┏━━

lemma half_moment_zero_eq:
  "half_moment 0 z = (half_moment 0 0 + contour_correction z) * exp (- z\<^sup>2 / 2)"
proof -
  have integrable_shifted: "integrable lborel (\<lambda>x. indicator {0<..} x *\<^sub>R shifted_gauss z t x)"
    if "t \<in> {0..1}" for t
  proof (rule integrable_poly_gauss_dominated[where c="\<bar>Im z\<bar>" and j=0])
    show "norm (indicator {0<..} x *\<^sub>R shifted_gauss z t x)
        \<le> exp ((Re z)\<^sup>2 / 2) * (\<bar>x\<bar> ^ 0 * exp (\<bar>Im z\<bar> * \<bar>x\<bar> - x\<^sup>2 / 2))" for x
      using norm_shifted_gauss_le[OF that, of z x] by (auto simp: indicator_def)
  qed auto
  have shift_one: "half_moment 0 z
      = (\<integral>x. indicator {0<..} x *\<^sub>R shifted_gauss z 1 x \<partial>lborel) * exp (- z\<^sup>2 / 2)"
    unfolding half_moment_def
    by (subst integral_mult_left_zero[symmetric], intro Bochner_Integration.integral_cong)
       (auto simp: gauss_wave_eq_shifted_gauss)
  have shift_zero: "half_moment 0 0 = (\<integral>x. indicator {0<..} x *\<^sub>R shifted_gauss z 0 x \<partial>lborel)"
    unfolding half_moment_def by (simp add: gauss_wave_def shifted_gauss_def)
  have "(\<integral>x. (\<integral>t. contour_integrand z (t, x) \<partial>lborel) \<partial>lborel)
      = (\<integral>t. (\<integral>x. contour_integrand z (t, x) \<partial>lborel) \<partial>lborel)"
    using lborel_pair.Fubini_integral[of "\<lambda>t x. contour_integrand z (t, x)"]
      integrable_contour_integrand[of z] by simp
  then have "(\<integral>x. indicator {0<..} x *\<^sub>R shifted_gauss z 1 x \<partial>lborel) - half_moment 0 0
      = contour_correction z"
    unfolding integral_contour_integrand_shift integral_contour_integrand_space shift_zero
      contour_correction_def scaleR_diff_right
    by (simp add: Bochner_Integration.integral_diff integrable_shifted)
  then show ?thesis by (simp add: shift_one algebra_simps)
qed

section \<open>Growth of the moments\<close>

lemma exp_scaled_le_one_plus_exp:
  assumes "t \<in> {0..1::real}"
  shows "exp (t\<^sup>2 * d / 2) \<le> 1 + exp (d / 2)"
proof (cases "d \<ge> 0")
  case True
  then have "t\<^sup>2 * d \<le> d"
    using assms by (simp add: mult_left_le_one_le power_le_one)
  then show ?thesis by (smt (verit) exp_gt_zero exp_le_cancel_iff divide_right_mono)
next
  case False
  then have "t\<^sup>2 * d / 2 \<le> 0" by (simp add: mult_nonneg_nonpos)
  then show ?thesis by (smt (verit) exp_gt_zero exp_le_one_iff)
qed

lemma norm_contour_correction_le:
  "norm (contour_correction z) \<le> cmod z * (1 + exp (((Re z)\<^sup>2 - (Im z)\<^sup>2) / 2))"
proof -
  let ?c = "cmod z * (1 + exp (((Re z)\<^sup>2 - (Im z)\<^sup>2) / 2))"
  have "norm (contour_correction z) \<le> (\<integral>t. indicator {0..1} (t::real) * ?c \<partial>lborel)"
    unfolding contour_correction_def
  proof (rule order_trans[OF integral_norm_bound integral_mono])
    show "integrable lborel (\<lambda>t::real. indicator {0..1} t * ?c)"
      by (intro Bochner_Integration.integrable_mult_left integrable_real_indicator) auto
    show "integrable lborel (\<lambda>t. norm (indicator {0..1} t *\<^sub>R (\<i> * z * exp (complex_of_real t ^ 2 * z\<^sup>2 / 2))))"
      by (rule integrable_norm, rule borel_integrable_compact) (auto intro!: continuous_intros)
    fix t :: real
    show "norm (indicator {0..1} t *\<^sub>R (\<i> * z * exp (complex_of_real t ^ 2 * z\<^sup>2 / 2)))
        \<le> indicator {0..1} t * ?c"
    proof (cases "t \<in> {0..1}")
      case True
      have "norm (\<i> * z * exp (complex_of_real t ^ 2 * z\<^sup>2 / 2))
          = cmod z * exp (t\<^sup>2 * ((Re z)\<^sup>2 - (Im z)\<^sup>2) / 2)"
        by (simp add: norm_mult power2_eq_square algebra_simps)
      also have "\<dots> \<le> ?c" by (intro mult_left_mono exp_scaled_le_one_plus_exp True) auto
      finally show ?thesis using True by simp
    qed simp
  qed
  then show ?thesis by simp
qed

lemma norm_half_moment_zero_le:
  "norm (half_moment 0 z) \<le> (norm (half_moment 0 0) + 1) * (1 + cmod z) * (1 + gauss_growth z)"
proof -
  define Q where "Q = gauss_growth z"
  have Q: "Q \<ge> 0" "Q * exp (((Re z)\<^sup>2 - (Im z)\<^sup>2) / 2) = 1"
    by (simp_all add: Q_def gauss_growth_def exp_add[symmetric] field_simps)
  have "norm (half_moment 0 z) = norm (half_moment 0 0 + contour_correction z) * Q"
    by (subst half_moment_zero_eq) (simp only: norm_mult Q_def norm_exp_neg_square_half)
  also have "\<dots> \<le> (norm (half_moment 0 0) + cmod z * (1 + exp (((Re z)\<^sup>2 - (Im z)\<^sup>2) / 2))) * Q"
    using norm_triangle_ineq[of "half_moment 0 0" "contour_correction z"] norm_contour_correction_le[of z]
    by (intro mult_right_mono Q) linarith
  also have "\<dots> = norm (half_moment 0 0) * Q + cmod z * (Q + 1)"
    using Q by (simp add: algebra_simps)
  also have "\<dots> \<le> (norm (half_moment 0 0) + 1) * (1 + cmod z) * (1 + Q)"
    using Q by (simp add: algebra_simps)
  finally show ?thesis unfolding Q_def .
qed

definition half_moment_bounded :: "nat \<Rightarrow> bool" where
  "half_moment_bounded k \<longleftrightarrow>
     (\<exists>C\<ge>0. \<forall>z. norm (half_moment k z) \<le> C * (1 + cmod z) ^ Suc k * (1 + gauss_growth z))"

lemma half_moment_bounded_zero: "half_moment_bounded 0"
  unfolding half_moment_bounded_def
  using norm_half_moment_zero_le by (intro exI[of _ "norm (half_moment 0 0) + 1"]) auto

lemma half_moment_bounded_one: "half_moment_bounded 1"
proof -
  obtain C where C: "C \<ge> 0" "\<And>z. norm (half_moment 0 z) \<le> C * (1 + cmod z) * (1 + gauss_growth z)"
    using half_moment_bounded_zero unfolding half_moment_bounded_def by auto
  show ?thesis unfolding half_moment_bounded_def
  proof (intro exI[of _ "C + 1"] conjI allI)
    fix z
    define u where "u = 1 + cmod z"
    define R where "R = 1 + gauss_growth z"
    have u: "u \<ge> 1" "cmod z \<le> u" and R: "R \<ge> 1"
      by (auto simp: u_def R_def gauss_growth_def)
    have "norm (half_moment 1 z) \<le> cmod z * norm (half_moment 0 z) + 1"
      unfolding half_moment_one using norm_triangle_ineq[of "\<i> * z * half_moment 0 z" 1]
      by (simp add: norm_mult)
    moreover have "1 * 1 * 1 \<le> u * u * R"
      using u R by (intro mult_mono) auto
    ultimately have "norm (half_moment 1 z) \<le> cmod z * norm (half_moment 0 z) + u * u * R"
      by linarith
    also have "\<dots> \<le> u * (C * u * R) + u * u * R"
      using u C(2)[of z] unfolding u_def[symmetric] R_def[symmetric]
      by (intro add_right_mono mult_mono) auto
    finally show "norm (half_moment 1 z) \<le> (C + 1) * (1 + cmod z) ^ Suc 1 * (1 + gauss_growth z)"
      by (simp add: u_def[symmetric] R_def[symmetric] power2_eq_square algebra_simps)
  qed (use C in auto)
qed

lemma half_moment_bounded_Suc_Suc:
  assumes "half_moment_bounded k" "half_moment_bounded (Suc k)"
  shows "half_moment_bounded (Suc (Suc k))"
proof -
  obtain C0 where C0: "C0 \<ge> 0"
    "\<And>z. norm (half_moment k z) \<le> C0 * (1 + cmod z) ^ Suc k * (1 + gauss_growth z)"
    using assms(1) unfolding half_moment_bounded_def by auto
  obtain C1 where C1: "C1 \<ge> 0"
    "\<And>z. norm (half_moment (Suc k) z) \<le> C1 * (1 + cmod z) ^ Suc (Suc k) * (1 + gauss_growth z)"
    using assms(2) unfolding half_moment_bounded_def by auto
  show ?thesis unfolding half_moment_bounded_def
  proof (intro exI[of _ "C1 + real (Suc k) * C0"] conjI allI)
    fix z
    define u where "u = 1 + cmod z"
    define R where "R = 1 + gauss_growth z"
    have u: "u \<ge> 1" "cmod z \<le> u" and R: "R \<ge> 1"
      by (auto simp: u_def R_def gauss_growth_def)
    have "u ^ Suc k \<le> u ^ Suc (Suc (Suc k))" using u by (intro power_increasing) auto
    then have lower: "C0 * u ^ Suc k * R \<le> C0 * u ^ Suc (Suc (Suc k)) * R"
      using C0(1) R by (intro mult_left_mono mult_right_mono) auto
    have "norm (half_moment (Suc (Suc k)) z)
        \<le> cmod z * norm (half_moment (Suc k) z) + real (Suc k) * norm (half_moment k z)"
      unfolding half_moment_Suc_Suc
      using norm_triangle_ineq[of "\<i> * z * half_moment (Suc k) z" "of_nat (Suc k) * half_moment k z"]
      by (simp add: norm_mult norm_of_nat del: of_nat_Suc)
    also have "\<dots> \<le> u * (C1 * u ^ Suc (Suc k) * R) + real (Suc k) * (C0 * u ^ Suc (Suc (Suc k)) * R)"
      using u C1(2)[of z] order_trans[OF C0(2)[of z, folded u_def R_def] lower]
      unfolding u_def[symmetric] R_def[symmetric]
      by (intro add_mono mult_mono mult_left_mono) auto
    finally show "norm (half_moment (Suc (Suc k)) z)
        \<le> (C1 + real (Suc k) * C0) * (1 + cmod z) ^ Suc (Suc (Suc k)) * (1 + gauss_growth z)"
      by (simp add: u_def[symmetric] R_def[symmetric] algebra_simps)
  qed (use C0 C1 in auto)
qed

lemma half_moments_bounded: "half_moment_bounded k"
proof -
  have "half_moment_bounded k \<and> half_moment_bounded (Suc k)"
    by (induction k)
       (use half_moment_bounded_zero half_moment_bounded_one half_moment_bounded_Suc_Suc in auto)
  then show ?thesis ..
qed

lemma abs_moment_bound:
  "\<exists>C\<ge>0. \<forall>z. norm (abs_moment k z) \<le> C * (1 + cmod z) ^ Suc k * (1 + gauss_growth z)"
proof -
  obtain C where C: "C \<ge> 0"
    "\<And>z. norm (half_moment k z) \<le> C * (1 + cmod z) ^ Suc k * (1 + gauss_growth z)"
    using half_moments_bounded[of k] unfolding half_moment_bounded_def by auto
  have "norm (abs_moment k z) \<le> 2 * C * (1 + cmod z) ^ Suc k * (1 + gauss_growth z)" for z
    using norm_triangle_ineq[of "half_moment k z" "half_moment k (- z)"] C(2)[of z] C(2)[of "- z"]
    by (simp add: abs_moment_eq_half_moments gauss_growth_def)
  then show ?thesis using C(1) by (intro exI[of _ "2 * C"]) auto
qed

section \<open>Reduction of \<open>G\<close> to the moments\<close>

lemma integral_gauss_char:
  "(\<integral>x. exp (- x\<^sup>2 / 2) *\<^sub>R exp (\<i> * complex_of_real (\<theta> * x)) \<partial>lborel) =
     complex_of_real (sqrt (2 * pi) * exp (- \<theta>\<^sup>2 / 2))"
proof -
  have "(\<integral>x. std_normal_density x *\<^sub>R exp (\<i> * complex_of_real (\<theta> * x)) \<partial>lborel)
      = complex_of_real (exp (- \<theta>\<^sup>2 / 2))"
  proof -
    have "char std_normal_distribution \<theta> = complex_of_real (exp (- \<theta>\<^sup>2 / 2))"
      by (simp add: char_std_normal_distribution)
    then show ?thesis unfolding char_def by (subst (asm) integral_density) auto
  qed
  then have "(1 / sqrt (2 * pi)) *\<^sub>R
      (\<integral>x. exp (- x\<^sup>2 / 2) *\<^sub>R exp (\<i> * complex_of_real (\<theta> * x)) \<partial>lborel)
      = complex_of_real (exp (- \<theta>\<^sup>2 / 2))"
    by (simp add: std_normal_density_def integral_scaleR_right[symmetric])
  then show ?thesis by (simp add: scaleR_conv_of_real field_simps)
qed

┗━━

The required answer is the exact run of lines above starting at the line with "by (intro Bochner_Integration.integrable_mult_left" and ending at the line with "(t\<^sup>2 * ((Re", with both ends present.

      by (intro Bochner_Integration.integrable_mult_left integrable_real_indicator) auto
    show "integrable lborel (\<lambda>t. norm (indicator {0..1} t *\<^sub>R (\<i> * z * exp (complex_of_real t ^ 2 * z\<^sup>2 / 2))))"
      by (rule integrable_norm, rule borel_integrable_compact) (auto intro!: continuous_intros)
    fix t :: real
    show "norm (indicator {0..1} t *\<^sub>R (\<i> * z * exp (complex_of_real t ^ 2 * z\<^sup>2 / 2)))
        \<le> indicator {0..1} t * ?c"
    proof (cases "t \<in> {0..1}")
      case True
      have "norm (\<i> * z * exp (complex_of_real t ^ 2 * z\<^sup>2 / 2))
          = cmod z * exp (t\<^sup>2 * ((Re z)\<^sup>2 - (Im z)\<^sup>2) / 2)"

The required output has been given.